Время от времени я переводил взгляд со своей картины на него. На этого старца, мрачного, в дурном настроении. Он сидел на гранитном престоле, откинувшись на спинку, задумчивый, усталый. Левый глаз голубой, правый — карий. Я думал, а, может быть, ему не нравится то, что он создал, или он прикидывает, не вернуть ли все в то состояние как оно было, не обратить ли все в ничто. Как долго он был один, знает только он сам, и, может быть, его, как любого одинокого старика, злят шумные дети, и он с тоской вспоминает тишину и покой? Что он хотел нам сказать: „Да не будет“ или с насмешкой „Да будет вам“? Но я уверен, что много раз позже, после седьмого дня, он, сломавший не один посох на пути по разным странам, изодравший не одну пару башмаков на дорогах из города в город, он, этот бородатый старик, который ни разу до нас не снизошел, всегда нас жалел.
Он сказал: „Изобразите мне мир“, и мы изображали. Я не был бы тем, что я есть, если бы исподтишка не заглядывал в чужие картины. Видели бы только вы мазню Ариэля! Это была просто пачкотня! И к тому же жалкая лесть. Нарисовал его, веселого, на престоле, в сто раз более крупного, чем мы, все остальные. Люди размером с муравьев, Мы, ангелы, не больше мухи. На картине не было ночи и не было моря.
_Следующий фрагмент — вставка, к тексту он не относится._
(* Let $\lambda>0$, $\ell>0$ and $\gamma\in A_\ell$. Assume there is a family $\{\gamma_q\}_{q\in(0,1)}\subset A_\ell$ and $q_0\in(0,1)$ with $\gamma_{q_0}=\gamma$ such that $\frac{d}{dq}\mathcal{E}_\lambda[\gamma_q]\big|_{q=q_0}=0$, $\frac{d^2}{dq^2}\mathcal{E}_\lambda[\gamma_q]\big|_{q=q_0}>0$, and: (i) the map $(0,1)\ni q\mapsto L[\gamma_q]\in(\ell,\infty)$ is continuous and bijective; (ii) for each $q\in(0,1)$, $\gamma_q$ is a global minimizer of $B$ in $\{\eta\in W^{2,2}_{\rm imm}(0,1;\mathbb{R}^2):\eta(0)=(0,0),\ \eta(1)=(\ell,0),\ L[\eta]=L[\gamma_q]\}$. Then $\gamma$ is a stable penalized pinned elastica, i.e. a local minimizer of $\mathcal{E}_\lambda$ in $A_\ell$.
   Context: $W^{2,2}_{\rm imm}(0,1;\mathbb{R}^2)=\{\gamma\in W^{2,2}(0,1;\mathbb{R}^2): |\gamma'(x)|\neq0\ \forall x\in[0,1]\}$, $A_\ell=\{\gamma\in W^{2,2}_{\rm imm}(0,1;\mathbb{R}^2):\gamma(0)=(0,0),\ \gamma(1)=(\ell,0)\}$. $B[\gamma]=\int_\gamma k^2\,ds$ ($k$ signed curvature, $s$ arclength), $L[\gamma]$ is length, $\mathcal{E}_\lambda=B+\lambda L$. A local minimizer of $\mathcal{E}_\lambda$ in $A_\ell$ is $\gamma\in A_\ell$ such that for some $\delta>0$, $\mathcal{E}_\lambda[\gamma]\le\mathcal{E}_\lambda[\Gamma]$ for all $\Gamma\in A_\ell$ with $\|\Gamma-\gamma\|_{W^{2,2}}<\delta$. *)

theory Defs
  imports "HOL-Analysis.Analysis"
begin
theorem theorem2p1:
  fixes br :: "'a::euclidean_space \<Rightarrow> 'a \<Rightarrow> 'a"
    and J :: "'a \<Rightarrow> 'a" and R :: "('a \<Rightarrow> real) \<Rightarrow> 'a" and \<sigma> :: "'a \<Rightarrow> ('a \<Rightarrow> real)"
  assumes "DIM('a) = 4"
    and "lie_algebra br"
    and "unimodular br"
    and "gen_complex_structure br J R \<sigma>"
    and "rank_R R = 2"
  shows "\<exists>e1 e2 e3 e4 (lam::real).
    distinct [e1, e2, e3, e4] \<and> independent {e1, e2, e3, e4} \<and> span {e1, e2, e3, e4} = UNIV \<and>
    J e1 = lam *\<^sub>R e1 \<and> J e2 = lam *\<^sub>R e2 \<and> J e3 = - e4 \<and> J e4 = e3 \<and>
    (\<forall>\<alpha>\<in>dual_space. R \<alpha> = \<alpha> e1 *\<^sub>R e2 - \<alpha> e2 *\<^sub>R e1) \<and>
    (\<forall>i<4. \<forall>j<4. \<sigma> ([e1, e2, e3, e4] ! i) ([e1, e2, e3, e4] ! j) =
        (1 + lam\<^sup>2) * (if i = 0 \<and> j = 1 then 1 else if i = 1 \<and> j = 0 then -1 else 0)) \<and>
    ((\<exists>y q1 q2 :: real.
        br e1 e2 = e1 \<and> br e1 e3 = 0 \<and> br e1 e4 = 0 \<and>
        br e2 e3 = (1/2) *\<^sub>R e3 - y *\<^sub>R e4 - q1 *\<^sub>R e1 \<and>
        br e2 e4 = y *\<^sub>R e3 + (1/2) *\<^sub>R e4 - q2 *\<^sub>R e1 \<and>
        br e3 e4 = 0)
     \<or> (\<exists>y q1 q2 b1 b2 :: real.
        br e1 e2 = 0 \<and> br e1 e3 = 0 \<and> br e1 e4 = 0 \<and>
        br e3 e4 = b1 *\<^sub>R e1 + b2 *\<^sub>R e2 \<and>
        br e2 e3 = - (y *\<^sub>R e4) - q1 *\<^sub>R e1 \<and>
        br e2 e4 = y *\<^sub>R e3 - q2 *\<^sub>R e1)
     \<or> (\<exists>b1 b2 p q r :: real.
        br e1 e2 = 0 \<and> br e1 e3 = 0 \<and> br e2 e3 = 0 \<and>
        br e3 e4 = b1 *\<^sub>R e1 + b2 *\<^sub>R e2 \<and>
        br e4 e1 = p *\<^sub>R e1 + r *\<^sub>R e2 \<and>
        br e4 e2 = q *\<^sub>R e1 - p *\<^sub>R e2 \<and>
        \<bar>p\<^sup>2 + q * r\<bar> \<in> {0, 1}))"
proof -
  obtain e1 e2 e3 e4 lam where frame: "adapted_frame J R e1 e2 e3 e4 lam"
    and U: "brackets_U1 br e1 e2 e3 e4 \<or> brackets_U2 br e1 e2 e3 e4 \<or> brackets_U3 br e1 e2 e3 e4"
    by (rule exists_adapted_frame_U123[OF assms])
  have ind: "independent4 e1 e2 e3 e4"
    and J: "J e1 = lam *\<^sub>R e1" "J e2 = lam *\<^sub>R e2" "J e3 = - e4" "J e4 = e3"
    and R: "\<forall>\<alpha>\<in>dual_space. R \<alpha> = \<alpha> e1 *\<^sub>R e2 - \<alpha> e2 *\<^sub>R e1"
    using frame by (auto simp: adapted_frame_def dual_space_def)
  show ?thesis
    by (intro exI[of _ e1] exI[of _ e2] exI[of _ e3] exI[of _ e4] exI[of _ lam])
      (use independent4_distinct[OF ind] independent4_independent[OF ind]
        independent4_span_UNIV[OF assms(1) ind] adapted_frame_sigma[OF assms(4) frame] J R
        U[unfolded brackets_U1_def brackets_U2_def brackets_U3_def] in blast)
qed
(* Let $E\subset\mathbb{R}^n$ be an ellipsoid with $\mathrm{vol}(E)<1$. Then $\mathrm{width}(E)\le n$.
   Context: An ellipsoid is a set $\{x\in\mathbb{R}^n: (x-a)^\top (AA^\top)^{-1}(x-a)\le 1\}$ with $A\in\mathbb{R}^{n\times n}$ non-singular and $a\in\mathbb{R}^n$. For a closed set $P$ and $c\in\mathbb{R}^n$, $\mathrm{width}_c(P)=\max_{x\in P}c^\top x-\min_{x\in P}c^\top x$; the lattice width is $\mathrm{width}(P)=\min\{\mathrm{width}_c(P): c\in\mathbb{Z}^n\setminus\{0\}\}$. *)

theory Defs
  imports "HOL-Analysis.Analysis"
begin

definition ellipsoid :: "real^'n^'n \<Rightarrow> real^'n \<Rightarrow> (real^'n) set" where
  "ellipsoid A a = {x. (x - a) \<bullet> (matrix_inv (A ** transpose A) *v (x - a)) \<le> 1}"

definition width_dir :: "(real^'n) set \<Rightarrow> real^'n \<Rightarrow> real" where
  "width_dir P c = (SUP x\<in>P. c \<bullet> x) - (INF x\<in>P. c \<bullet> x)"

definition int_vectors :: "(real^'n) set" where
  "int_vectors = {c. \<forall>i. c $ i \<in> \<int>}"

definition lattice_width :: "(real^'n) set \<Rightarrow> real" where
  "lattice_width P = Inf (width_dir P ` (int_vectors - {0}))"

end

theory Submission
  imports Defs
begin

text \<open>
  Write the ellipsoid as \<open>E = a + A B\<close> with \<open>B\<close> the closed unit ball. The cube of
  half-side \<open>1/\<surd>n\<close> lies in \<open>B\<close>, so \<open>|det A| (2/\<surd>n)\<^sup>n \<le> vol E < 1\<close>. Hence
  the image of the cube of half-side \<open>\<surd>n/4\<close> under the dual map \<open>A\<^sup>-\<^sup>T\<close> has volume
  \<open>|det A|\<^sup>-\<^sup>1 (\<surd>n/2)\<^sup>n > 1\<close>, and Blichfeldt's theorem yields two of its points whose
  difference \<open>c\<close> is a nonzero integer vector. Then \<open>A\<^sup>T c\<close> is a difference of two points
  of that cube, so \<open>\<parallel>A\<^sup>T c\<parallel> \<le> n/2\<close>, while the width of \<open>E\<close> in direction \<open>c\<close> is
  \<open>2 \<parallel>A\<^sup>T c\<parallel>\<close>.
\<close>

section \<open>Volume of linear images in \<open>real^'n\<close>\<close>

lemma compact_matrix_vector_image:
  fixes M :: "real^'m^'n"
  assumes "compact S"
  shows "compact ((*v) M ` S)"
  using assms by (intro compact_continuous_image linear_continuous_on
      linear_conv_bounded_linear[THEN iffD1] matrix_vector_mul_linear)

lemma emeasure_lborel_box_cart:
  fixes l u :: "real^'n"
  assumes "l \<le> u"
  shows "emeasure lborel (box l u) = (\<Prod>i\<in>UNIV. u $ i - l $ i)"
proof -
  have "cbox l u \<noteq> {}" using assms by (simp add: interval_cbox_cart[symmetric])
  moreover have "\<forall>b\<in>Basis. l \<bullet> b \<le> u \<bullet> b" using assms by (simp add: eucl_le[symmetric])
  ultimately show ?thesis
    using content_cbox_cart[of l u] content_cbox[of l u]
    by (simp add: emeasure_lborel_box_eq inner_diff_left prod_nonneg)
qed

text \<open>
  The library proves \<open>measure_linear_image\<close> only for well-ordered index types. A general finite
  index type is transported to the following copy of itself, well-ordered through \<open>to_nat\<close>.
\<close>

typedef 'a ordered_index = "UNIV :: 'a set" by simp

instance ordered_index :: (finite) finite
proof
  have "(UNIV :: 'a ordered_index set) = Abs_ordered_index ` UNIV"
    by (metis Abs_ordered_index_cases surj_def)
  then show "finite (UNIV :: 'a ordered_index set)" by (metis finite finite_imageI)
qed

instantiation ordered_index :: (finite) linorder
begin
definition "x \<le> y \<longleftrightarrow> to_nat (Rep_ordered_index x) \<le> to_nat (Rep_ordered_index y)"
definition "x < y \<longleftrightarrow> to_nat (Rep_ordered_index x) < to_nat (Rep_ordered_index y)"
instance
  by standard
    (auto simp: less_eq_ordered_index_def less_ordered_index_def Rep_ordered_index_inject)
end

instance ordered_index :: (finite) wellorder
proof
  fix P :: "'a ordered_index \<Rightarrow> bool" and x
  assume step: "\<And>x. (\<And>y. y < x \<Longrightarrow> P y) \<Longrightarrow> P x"
  have "\<forall>x. to_nat (Rep_ordered_index x) = n \<longrightarrow> P x" for n
    by (induction n rule: less_induct) (use step in \<open>auto simp: less_ordered_index_def\<close>)
  then show "P x" by blast
qed

lemma bij_Rep_ordered_index: "bij Rep_ordered_index"
  by (metis Abs_ordered_index_inverse Rep_ordered_index_inverse UNIV_I bij_iff)

lemma bij_Abs_ordered_index: "bij Abs_ordered_index"
  by (metis Abs_ordered_index_inverse Rep_ordered_index_inverse UNIV_I bij_iff)

definition ordered_vec :: "'a^'n \<Rightarrow> 'a^'n ordered_index" where
  "ordered_vec x = (\<chi> i. x $ Rep_ordered_index i)"

definition ordered_mat :: "'a^'n^'n \<Rightarrow> 'a^'n ordered_index^'n ordered_index" where
  "ordered_mat M = (\<chi> i j. M $ Rep_ordered_index i $ Rep_ordered_index j)"

lemma ordered_mat_mult_vec:
  fixes M :: "'a::semiring_1^'n::finite^'n"
  shows "ordered_mat M *v ordered_vec x = ordered_vec (M *v x)"
  by (simp add: vec_eq_iff ordered_mat_def ordered_vec_def matrix_vector_mult_def
      sum.reindex_bij_betw[OF bij_Rep_ordered_index, of "\<lambda>k. M $ _ $ k * x $ k"])

lemma det_ordered_mat:
  fixes M :: "'a::comm_ring_1^'n::finite^'n"
  shows "det (ordered_mat M) = det M"
proof -
  define conj :: "('n \<Rightarrow> 'n) \<Rightarrow> 'n ordered_index \<Rightarrow> 'n ordered_index"
    where "conj p = Abs_ordered_index \<circ> p \<circ> Rep_ordered_index" for p
  have sign_conj: "sign (conj p) = sign p" if "p permutes UNIV" for p
    using permutes_bij_finite.sign_p'[of p UNIV UNIV Abs_ordered_index Rep_ordered_index]
    by (simp add: conj_def comp_def permutes_bij_finite_def permutes_bij_def
        permutes_bij_finite_axioms_def that bij_Abs_ordered_index Abs_ordered_index_inverse)
  have "bij_betw conj {p. p permutes UNIV} {p. p permutes UNIV}"
  proof (rule bij_betw_byWitness[where f' = "\<lambda>q. Rep_ordered_index \<circ> q \<circ> Abs_ordered_index"])
    show "conj ` {p. p permutes UNIV} \<subseteq> {p. p permutes UNIV}"
      by (auto simp: conj_def intro!: permutes_compose bij_imp_permutes bij_comp
          bij_Rep_ordered_index bij_Abs_ordered_index dest: permutes_bij)
  qed (auto simp: conj_def fun_eq_iff Abs_ordered_index_inverse Rep_ordered_index_inverse
      intro!: bij_imp_permutes bij_comp bij_Rep_ordered_index bij_Abs_ordered_index dest: permutes_bij)
  moreover have "(\<Prod>i\<in>UNIV. ordered_mat M $ i $ conj p i) = (\<Prod>i\<in>UNIV. M $ i $ p i)" for p
    using prod.reindex_bij_betw[OF bij_Rep_ordered_index, of "\<lambda>i. M $ i $ p i"]
    by (simp add: ordered_mat_def conj_def Abs_ordered_index_inverse)
  ultimately show ?thesis
    unfolding det_def
    by (simp add: sum.reindex_bij_betw[symmetric, where h = conj] sign_conj)
qed

lemma bounded_linear_ordered_vec: "bounded_linear (ordered_vec :: real^'n \<Rightarrow> real^'n ordered_index)"
  by (rule linear_conv_bounded_linear[THEN iffD1], rule linearI) (simp_all add: ordered_vec_def vec_eq_iff)

lemma borel_measurable_ordered_vec:
  "(ordered_vec :: real^'n \<Rightarrow> real^'n ordered_index) \<in> borel_measurable borel"
  by (intro borel_measurable_continuous_onI linear_continuous_on bounded_linear_ordered_vec)

lemma compact_ordered_vec_image:
  fixes S :: "(real^'n) set"
  shows "compact S \<Longrightarrow> compact (ordered_vec ` S)"
  by (rule compact_continuous_image[OF linear_continuous_on[OF bounded_linear_ordered_vec]])

lemma inj_ordered_vec: "inj ordered_vec"
  by (rule injI) (metis ordered_vec_def vec_eq_iff vec_lambda_beta Abs_ordered_index_inverse UNIV_I)

lemma ordered_vec_vimage_box:
  fixes l u :: "real^'n::finite ordered_index"
  shows "ordered_vec -` box l u = box (\<chi> k. l $ Abs_ordered_index k) (\<chi> k. u $ Abs_ordered_index k)"
proof -
  have "(\<forall>i. l $ i < x $ Rep_ordered_index i \<and> x $ Rep_ordered_index i < u $ i) \<longleftrightarrow>
        (\<forall>k. l $ Abs_ordered_index k < x $ k \<and> x $ k < u $ Abs_ordered_index k)" for x
    by (metis Abs_ordered_index_inverse Rep_ordered_index_inverse UNIV_I)
  then show ?thesis
    by (auto simp: mem_box_cart ordered_vec_def)
qed

lemma lborel_distr_ordered_vec:
  "distr lborel borel (ordered_vec :: real^'n::finite \<Rightarrow> _) = lborel"
proof (rule lborel_eqI[symmetric])
  fix l u :: "real^'n ordered_index"
  assume "\<And>b. b \<in> Basis \<Longrightarrow> l \<bullet> b \<le> u \<bullet> b"
  then have le: "l \<le> u"
    by (subst eucl_le) blast
  have "emeasure (distr lborel borel ordered_vec) (box l u)
      = emeasure lborel (box (\<chi> k. l $ Abs_ordered_index k) (\<chi> k. u $ Abs_ordered_index k) :: (real^'n) set)"
    by (simp add: emeasure_distr borel_measurable_ordered_vec ordered_vec_vimage_box)
  also have "\<dots> = (\<Prod>k\<in>UNIV. u $ Abs_ordered_index k - l $ Abs_ordered_index k)"
    using le by (subst emeasure_lborel_box_cart) (auto simp: less_eq_vec_def)
  also have "\<dots> = (\<Prod>i\<in>UNIV. u $ i - l $ i)"
    using prod.reindex_bij_betw[OF bij_Abs_ordered_index, of "\<lambda>i. u $ i - l $ i"] by simp
  also have "\<dots> = emeasure lborel (box l u)"
    using le by (simp add: emeasure_lborel_box_cart)
  finally show "emeasure (distr lborel borel ordered_vec) (box l u) = (\<Prod>b\<in>Basis. (u - l) \<bullet> b)"
    using \<open>\<And>b. b \<in> Basis \<Longrightarrow> l \<bullet> b \<le> u \<bullet> b\<close> by (simp add: emeasure_lborel_box_eq)
qed simp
Видел я и картины ангелов более низкого звания. Они просто все в точности перерисовали. Все было абсолютно так, как есть, и было почти невозможно отличить картину от реальности. Такие произведения я тоже считал лестью.
К моей досаде, Михаил был далеко от меня, и мне не было видно, что делает он. Я долго выдумывал предлог, под которым мог бы бросить ненадолго свое занятие и прогуляться в сторону Михаила. В голову ничего не приходило. Видимо, потому что я слишком увлекся собственной работой.
Я потел. Выдумывал. Радовался. Потом волновался. Исправлял. Восхищался. Сомневался. Стирал. Создавал из тумана, из темноты, угадывал, притрагивался. Понимал все больше и больше.
В самом низу я поместил море…
— Вы работали бамбуковыми чернилами по шелку? — прошептала Жанна Орлеанская.
— Что?! По шелку?! Бамбуковыми чернилами?! Но… — я расхохотался, — вы не поняли. Я работал… Вы еще услышите.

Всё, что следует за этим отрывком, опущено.